Видимо, не расслышал или глухой, подумал он о мужчине, проглотив неловкость.
Грибники постепенно миновали его участок, Иван снова, было, взялся за топор, как услышал злой и громкий, чтобы явно услышал Иван, голос мужчины:
— Вот куркули-то! Вон чего отгрохали! В народный контроль написать. Вот кого раскулачивать-то надо!
И столько злобы и ненависти было в его голосе, что Иван растерялся. Женщина вполголоса что-то говорила мужчине, наверное: тише, а то, мол, услышит,— а того еще больше распаляло:
— А пусть слышит! Дворцов понастроили, сволочи, управы на них нет. Баню вон еще рубит.
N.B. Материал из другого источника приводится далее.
lemma cbounded_scaleC:
  assumes "cbounded A"
  shows "cbounded (\<lambda>x. scaleC c (A x))"
proof -
  obtain K where "\<And>x. norm (A x) \<le> K * norm x"
    using cbounded_bound [OF assms] by blast
  then have "norm (scaleC c (A x)) \<le> (cmod c * K) * norm x" for x
    by (simp add: norm_scaleC mult.assoc mult_left_mono)
  moreover have "clinear (\<lambda>x. scaleC c (A x))"
    using cbounded_clinear [OF assms] by (simp add: clinear_def scaleC_add_right scaleC_scaleC mult.commute)
  ultimately show ?thesis
    by (rule cboundedI [rotated])
qed

lemma cbounded_sum:
  fixes F :: "'i \<Rightarrow> 'a::complex_inner \<Rightarrow> 'b::complex_inner"
  shows "(\<And>i. i \<in> I \<Longrightarrow> cbounded (F i)) \<Longrightarrow> cbounded (\<lambda>x. \<Sum>i\<in>I. F i x)"
proof (induction I rule: infinite_finite_induct)
  case (insert i I)
  then have bounded: "cbounded (F i)" "cbounded (\<lambda>x. \<Sum>i\<in>I. F i x)"
    by simp_all
  obtain K L where "\<And>x. norm (F i x) \<le> K * norm x" "\<And>x. norm (\<Sum>i\<in>I. F i x) \<le> L * norm x"
    using cbounded_bound [OF bounded(1)] cbounded_bound [OF bounded(2)] by blast
  then have "norm (F i x + (\<Sum>i\<in>I. F i x)) \<le> (K + L) * norm x" for x
    by (metis norm_triangle_le distrib_right add_mono)
  moreover have "clinear (\<lambda>x. F i x + (\<Sum>i\<in>I. F i x))"
    using cbounded_clinear [OF bounded(1)] cbounded_clinear [OF bounded(2)]
    by (simp add: clinear_def scaleC_add_right algebra_simps)
  ultimately have "cbounded (\<lambda>x. F i x + (\<Sum>i\<in>I. F i x))"
    by (rule cboundedI [rotated])
  then show ?case
    using insert by simp
qed (auto intro: cboundedI [of _ 0] simp: clinear_def)

lemma norm_funpow_le:
  fixes B :: "'a::real_normed_vector \<Rightarrow> 'a"
  assumes "\<And>x. norm (B x) \<le> K * norm x" "K \<ge> 0"
  shows "norm ((B ^^ k) x) \<le> K ^ k * norm x"
proof (induction k)
  case (Suc k)
  have "norm ((B ^^ Suc k) x) \<le> K * norm ((B ^^ k) x)"
    using assms(1) by simp
  also have "\<dots> \<le> K * (K ^ k * norm x)"
    by (rule mult_left_mono [OF Suc assms(2)])
  finally show ?case by (simp add: mult.assoc)
qed simp

definition is_adjoint :: "('a::complex_inner \<Rightarrow> 'b::complex_inner) \<Rightarrow> ('b \<Rightarrow> 'a) \<Rightarrow> bool" where
  "is_adjoint A B \<longleftrightarrow> (\<forall>x y. cinner (A x) y = cinner x (B y))"

lemma is_adjointD: "is_adjoint A B \<Longrightarrow> cinner (A x) y = cinner x (B y)"
  by (simp add: is_adjoint_def)

lemma is_adjoint_sym: "is_adjoint A B \<Longrightarrow> is_adjoint B A"
  unfolding is_adjoint_def by (metis cinner_commute)

lemma is_adjoint_unique: "is_adjoint A B \<Longrightarrow> is_adjoint A B' \<Longrightarrow> B = B'"
  unfolding is_adjoint_def by (intro ext cinner_eqI) metis

lemma is_adjoint_comp: "is_adjoint A A' \<Longrightarrow> is_adjoint B B' \<Longrightarrow> is_adjoint (A \<circ> B) (B' \<circ> A')"
  by (simp add: is_adjoint_def)

lemma is_adjoint_funpow:
  assumes "is_adjoint A A'"
  shows "is_adjoint ((A::'a::complex_inner \<Rightarrow> 'a) ^^ k) (A' ^^ k)"
proof (induction k)
  case (Suc k)
  have "is_adjoint (A \<circ> A ^^ k) (A' ^^ k \<circ> A')"
    by (rule is_adjoint_comp [OF assms Suc.IH])
  then show ?case
    by (simp only: funpow.simps(2) [where f = A] funpow_Suc_right [where f = A'])
qed (simp add: is_adjoint_def)

lemma is_adjoint_clinear:
  assumes "is_adjoint A B"
  shows "clinear B"
proof -
  have "B (x + y) = B x + B y" for x y
    by (rule cinner_eqI) (simp only: is_adjointD [OF assms, symmetric] cinner_add_right)
  moreover have "B (scaleC c x) = scaleC c (B x)" for c x
    by (rule cinner_eqI) (simp only: is_adjointD [OF assms, symmetric] cinner_scaleC_right)
  ultimately show ?thesis
    by (simp add: clinear_def)
qed

lemma is_adjoint_cbounded:
  assumes adj: "is_adjoint A B" and "cbounded A"
  shows "cbounded B"
proof -
  obtain K where K: "K \<ge> 0" "\<And>x. norm (A x) \<le> K * norm x"
    using cbounded_bound [OF assms(2)] by blast
  have "norm (B y) \<le> K * norm y" for y
  proof -
    have "(norm (B y))\<^sup>2 = Re (cinner (A (B y)) y)"
      using is_adjointD [OF adj, of "B y" y] by (simp add: Re_cinner_self)
    also have "\<dots> \<le> norm (A (B y)) * norm y"
      by (rule order_trans [OF complex_Re_le_cmod cinner_cauchy_schwarz])
    also have "\<dots> \<le> K * norm (B y) * norm y"
      using K(2) by (simp add: mult_right_mono)
    finally have "norm (B y) * norm (B y) \<le> norm (B y) * (K * norm y)"
      by (simp add: power2_eq_square algebra_simps)
    then show ?thesis
      using K(1) by (cases "B y = 0") auto
  qed
  then show ?thesis
    using is_adjoint_clinear [OF adj] by (rule cboundedI [rotated])
qed

lemma cbounded_imp_adjoint_exists:
  fixes A :: "'a::chilbert \<Rightarrow> 'b::chilbert"
  assumes "cbounded A"
  shows "\<exists>B. is_adjoint A B"
proof -
  obtain K where K: "K \<ge> 0" "\<And>x. norm (A x) \<le> K * norm x"
    using cbounded_bound [OF assms] by blast
  have lin: "clinear A"
    using assms by (rule cbounded_clinear)
  have "\<exists>z. \<forall>x. cinner y (A x) = cinner z x" for y
  proof (rule riesz_representation [where K = "norm y * K"])
    show "cmod (cinner y (A x)) \<le> norm y * K * norm x" for x
      using cinner_cauchy_schwarz [of y "A x"] mult_left_mono [OF K(2) norm_ge_zero, of y x]
      by (simp add: mult.assoc)
  qed (simp_all add: clinear_add [OF lin] clinear_scaleC [OF lin] cinner_add_right cinner_scaleC_right)
  then obtain B where B: "\<And>y x. cinner y (A x) = cinner (B y) x"
    by metis
  have "cinner (A x) y = cinner x (B y)" for x y
    by (subst (1 2) cinner_commute) (simp add: B)
  then have "is_adjoint A B"
    unfolding is_adjoint_def by blast
  then show ?thesis by blast
qed

lemma is_adjoint_cadjoint: "cbounded (A::'a::chilbert \<Rightarrow> 'b::chilbert) \<Longrightarrow> is_adjoint A (cadjoint A)"
  unfolding cadjoint_def is_adjoint_def
  using cbounded_imp_adjoint_exists [of A] unfolding is_adjoint_def by (rule someI_ex)

lemma cbounded_cadjoint: "cbounded (A::'a::chilbert \<Rightarrow> 'b::chilbert) \<Longrightarrow> cbounded (cadjoint A)"
  using is_adjoint_cadjoint is_adjoint_cbounded by blast

lemma cbounded_eq_on_dense_cspan:
  fixes A B :: "'a::complex_inner \<Rightarrow> 'b::complex_inner"
  assumes "cbounded A" "cbounded B" "closure (cspan G) = UNIV" "\<And>g. g \<in> G \<Longrightarrow> A g = B g"
  shows "A = B"
proof -
  have "cspan G \<subseteq> {x. A x = B x}"
  proof
    fix x
    assume "x \<in> cspan G"
    then obtain F c where "x = (\<Sum>y\<in>F. scaleC (c y) y)" "F \<subseteq> G"
      by (auto simp: cspan_def)
    then show "x \<in> {x. A x = B x}"
      using assms(4) subsetD [OF \<open>F \<subseteq> G\<close>]
      by (auto simp: clinear_sum clinear_scaleC cbounded_clinear assms(1,2) intro!: sum.cong)
  qed
  moreover have "closed {x. A x = B x}"
    using assms(1,2) by (intro closed_Collect_eq linear_continuous_on cbounded_bounded_linear)
  ultimately have "closure (cspan G) \<subseteq> {x. A x = B x}"
    by (rule closure_minimal)
  then show ?thesis
    using assms(3) by auto
qed

lemma orthogonal_dense_cspan_eq_0:
  fixes w :: "'a::complex_inner"
  assumes "closure (cspan G) = UNIV" "\<And>g. g \<in> G \<Longrightarrow> cinner g w = 0"
  shows "w = 0"
proof -
  have "cspan G \<subseteq> {u. cinner u w = 0}"
  proof
    fix u
    assume "u \<in> cspan G"
    then obtain F c where "u = (\<Sum>y\<in>F. scaleC (c y) y)" "F \<subseteq> G"
      by (auto simp: cspan_def)
    then show "u \<in> {u. cinner u w = 0}"
      using assms(2) subsetD [OF \<open>F \<subseteq> G\<close>]
      by (auto simp: cinner_sum_left cinner_scaleC_left intro!: sum.neutral)
  qed
  moreover have "closed {u. cinner u w = 0}"
    by (intro closed_Collect_eq continuous_on_const linear_continuous_on bounded_linear_cinner_left)
  ultimately have "closure (cspan G) \<subseteq> {u. cinner u w = 0}"
    by (rule closure_minimal)
  then have "cinner w w = 0"
    using assms(1) by blast
  then show ?thesis by simp
qed

section \<open>The exponential of a bounded operator\<close>

lemma summable_on_product_bound:
  fixes w :: "nat \<Rightarrow> nat \<Rightarrow> 'b::banach"
  assumes bound: "\<And>k m. norm (w k m) \<le> g k * h m"
    and nonneg: "\<And>k. g k \<ge> 0" "\<And>m. h m \<ge> 0"
    and summable: "summable g" "summable h"
  shows "case_prod w summable_on UNIV \<times> UNIV"
proof -
  have "(\<lambda>p. norm (case_prod (\<lambda>k m. g k * h m) p)) summable_on UNIV \<times> UNIV"
  proof (subst Infinite_Sum.abs_summable_on_Sigma_iff, intro conjI ballI)
    have row: "(\<lambda>m. norm (g k * h m)) sums (g k * suminf h)" for k
      using sums_mult [OF summable_sums [OF summable(2)], of "g k"] nonneg by (simp add: abs_mult)
    then show "(\<lambda>m. norm (case_prod (\<lambda>k m. g k * h m) (k, m))) summable_on UNIV" for k
      using nonneg by (auto intro!: summable_nonneg_imp_summable_on simp: sums_iff)
    have "infsum (\<lambda>m. norm (case_prod (\<lambda>k m. g k * h m) (k, m))) UNIV = g k * suminf h" for k
      using row [of k] nonneg by (intro infsumI sums_nonneg_imp_has_sum) auto
    moreover have "(\<lambda>k. norm (g k * suminf h)) summable_on UNIV"
      using summable_mult2 [OF summable(1)] nonneg suminf_nonneg [OF summable(2) nonneg(2)]
      by (intro summable_nonneg_imp_summable_on) (auto simp: abs_mult)
    ultimately show "(\<lambda>k. norm (infsum (\<lambda>m. norm (case_prod (\<lambda>k m. g k * h m) (k, m))) UNIV))
        summable_on UNIV"
      by simp
  qed
  then have "(\<lambda>p. norm (case_prod w p)) summable_on UNIV \<times> UNIV"
    by (rule Infinite_Sum.abs_summable_on_comparison_test) (use bound nonneg in \<open>auto simp: abs_mult\<close>)
  then show ?thesis
    by (rule Infinite_Sum.abs_summable_summable)
qed

lemma sums_rows_and_diagonals:
  fixes w :: "nat \<Rightarrow> nat \<Rightarrow> 'b::banach"
  assumes bound: "\<And>k m. norm (w k m) \<le> g k * h m"
    and nonneg: "\<And>k. g k \<ge> 0" "\<And>m. h m \<ge> 0"
    and summable: "summable g" "summable h"
  shows "\<exists>S. (\<lambda>k. \<Sum>m. w k m) sums S \<and> (\<lambda>n. \<Sum>k\<le>n. w k (n - k)) sums S"
proof -
  have w_summable: "case_prod w summable_on UNIV \<times> UNIV"
    using assms by (rule summable_on_product_bound)
  define S where "S = infsum (case_prod w) (UNIV \<times> UNIV)"
  have w_has_sum: "(case_prod w has_sum S) (UNIV \<times> UNIV)"
    unfolding S_def by (rule has_sum_infsum [OF w_summable])
  have row_has_sum: "(w k has_sum (\<Sum>m. w k m)) UNIV" for k
  proof -
    have "summable (\<lambda>m. g k * h m)"
      using summable_mult [OF summable(2)] .
    then have norm_summable: "summable (\<lambda>m. norm (w k m))"
      by (rule summable_comparison_test') (use bound in auto)
    then have "w k sums (\<Sum>m. w k m)"
      by (rule summable_sums [OF summable_norm_cancel])
    with norm_summable show ?thesis
      by (rule norm_summable_imp_has_sum)
  qed
  have "((\<lambda>k. infsum (w k) UNIV) has_sum S) UNIV"
    unfolding S_def infsum_Sigma'_banach [OF w_summable, symmetric]
    by (rule has_sum_infsum [OF summable_on_Sigma_banach [OF w_summable]])
  then have rows: "(\<lambda>k. \<Sum>m. w k m) sums S"
    by (intro has_sum_imp_sums) (simp add: infsumI [OF row_has_sum])
  \<comment> \<open>The diagonals are the rows after the reindexing (n, k) \<mapsto> (k, n - k).\<close>
  have "((\<lambda>(n, k). w k (n - k)) has_sum S) (SIGMA n:UNIV. {..n})"
    using w_has_sum
    by (subst has_sum_reindex_bij_witness [where i = "\<lambda>(k, m). (k + m, k)" and j = "\<lambda>(n, k). (k, n - k)"
          and T = "UNIV \<times> UNIV" and h = "case_prod w"]) auto
  then have "((\<lambda>n. \<Sum>k\<le>n. w k (n - k)) has_sum S) UNIV"
    by (rule has_sum_SigmaD) auto
  then have diagonals: "(\<lambda>n. \<Sum>k\<le>n. w k (n - k)) sums S"
    by (rule has_sum_imp_sums)
  from rows diagonals show ?thesis
    by blast
qed

definition op_exp :: "complex \<Rightarrow> ('a::complex_inner \<Rightarrow> 'a) \<Rightarrow> 'a \<Rightarrow> 'a" where
  "op_exp a B x = (\<Sum>k. scaleC (a ^ k / fact k) ((B ^^ k) x))"

lemma exp_series_summable: "summable (\<lambda>k. (r::real) ^ k / fact k * c)"
  using summable_mult2 [OF summable_exp [of r], of c] by (simp add: field_simps)
(* Let $n = 3$. Suppose $(\mu, \Sigma)$ and $(\mu', \Sigma')$ both satisfy the normalization below. Let $X \sim \mathcal{N}(\mu, \Sigma)$ and $X' \sim \mathcal{N}(\mu', \Sigma')$, and suppose that for every permutation $(i,j,k)$ of $\{1,2,3\}$, $$\Pr\{X_i \geq X_j \geq X_k\} = \Pr\{X'_i \geq X'_j \geq X'_k\}.$$ Then $\mu = \mu'$ and $\Sigma = \Sigma'$. In words, $(\mu,\Sigma)$ is uniquely identifiable from the three-way observation probabilities.
   Context: Probit model: utilities $X \sim \mathcal{N}(\mu, \Sigma)$ with $\mu \in \mathbb{R}^n$ and $\Sigma$ symmetric positive semidefinite. Normalization: $\langle \mu, \mathbf{1}\rangle = 0$, $\Sigma\mathbf{1} = 0$, $\operatorname{Tr}(\Sigma) = n$, and $\operatorname{rank}(\Sigma) = n-1$. The three-way observation probabilities are the probabilities of each of the six orderings of $(X_1, X_2, X_3)$. *)

theory Defs
  imports "HOL-Probability.Probability"
begin

definition std_gauss3 :: "(real^3) measure" where
  "std_gauss3 = distr (PiM UNIV (\<lambda>_::3. density lborel std_normal_density)) borel
                      (\<lambda>f. \<chi> i. f i)"

text \<open>Gaussian law N(mu, A A^T): the law of X = mu + A Z with Z standard normal.\<close>
definition gauss3 :: "real^3 \<Rightarrow> real^3^3 \<Rightarrow> (real^3) measure" where
  "gauss3 mu A = distr std_gauss3 borel (\<lambda>z. mu + A *v z)"

definition ord_prob :: "real^3 \<Rightarrow> real^3^3 \<Rightarrow> 3 \<Rightarrow> 3 \<Rightarrow> 3 \<Rightarrow> real" where
  "ord_prob mu A i j k = measure (gauss3 mu A) {x. x$i \<ge> x$j \<and> x$j \<ge> x$k}"

definition normalized3 :: "real^3 \<Rightarrow> real^3^3 \<Rightarrow> bool" where
  "normalized3 mu S \<longleftrightarrow>
     transpose S = S \<and> (\<forall>x. 0 \<le> x \<bullet> (S *v x)) \<and>
     (\<Sum>i\<in>UNIV. mu $ i) = 0 \<and> S *v (\<chi> i. 1) = 0 \<and>
     trace S = 3 \<and> rank S = 2"

end

theory Submission
  imports Defs
begin

(* Write X = mu + A Z with Z standard normal. The event X_i >= X_j is the half-space
   {(A_i - A_j) . Z >= mu_j - mu_i} and X_i >= X_j >= X_k is the intersection of two such
   half-spaces. By the rotation invariance of Z, the probability of {a . Z >= c} with |a| = 1
   is a strictly decreasing function of c alone, and for fixed thresholds the probability of a
   wedge {a . Z >= c, b . Z >= c'} with unit a, b is a strictly increasing function of a . b.
   Since ties have probability zero, P(X_i >= X_j) is a sum of three ordering probabilities;
   hence the data determine the standardized gaps (mu_j - mu_i) / |A_i - A_j| and then the
   cosines of the angles of the triangle A_1 A_2 A_3. Rank 2 makes this triangle
   non-degenerate, so its angles fix it up to similarity and the trace fixes its size. As the
   rows of A sum to zero, the side lengths determine S = A A^T, and the gaps together with
   sum mu = 0 determine mu. *)

section \<open>The standard Gaussian measure on real^n\<close>

definition std_gauss :: "(real^'n) measure" where
  "std_gauss = distr (PiM UNIV (\<lambda>_::'n. std_normal_distribution)) borel vec_lambda"

lemma std_gauss3_eq_std_gauss: "std_gauss3 = std_gauss"
  by (simp add: std_gauss3_def std_gauss_def)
Подожди, придет на них управа!.. Вот проверят!..
Иван расслабленно опустился на свое осиновое бревнышко и уже весь день больше ничего не мог делать. Он еще как-то понимал того жулика на лесоторговой базе — а этот? Чем ему-то Иван не угодил? Почему ему-то он поперек горла?..
После этого случая Иван, наверное, целую неделю не мог отойти. Он пытался понять злобу этого пожилого мужчины и никак не мог. Он специально не рассказал этого случая жене, чтобы лишний раз не расстраивалась, пытался себя успокоить: «Ну, просто дурак, что с дурака возьмешь!» Но именно этот случай вселил в него неясную тревогу за свою так удачно складывающуюся жизнь, потому что это была уже инициатива снизу. Он постепенно стал приучать себя смотреть на свою садовую идиллию,— хотя далеко уже она не была идиллией,— как бы со стороны, как на что-то временное. Даже жена, кажется, заметила это.
— Ты, я смотрю, что-то охладел к даче?— уже не раз настороженно спрашивала она.
— Да нет,— старался он говорить как можно спокойнее.— Видимо, просто переработал немного.
Но незаметно он снова втягивался в работу: земля, она великий врач и целитель,— и на время забывал о своих тревогах; он радовался каждому забитому гвоздю, каждому новому побегу на яблонях. Крестьянская не то чтобы прижимистость, а экономная жилка, оказывается, еще крепко сидела в нем, любой вроде бы совершенно ненужной доске, железке, подобранным на городской свалке, он находил применение. Как они радовались с женой, когда завязались первые вишенки, первые три яблока, как дала нежно-зеленые побеги елочка, посаженная им под окном.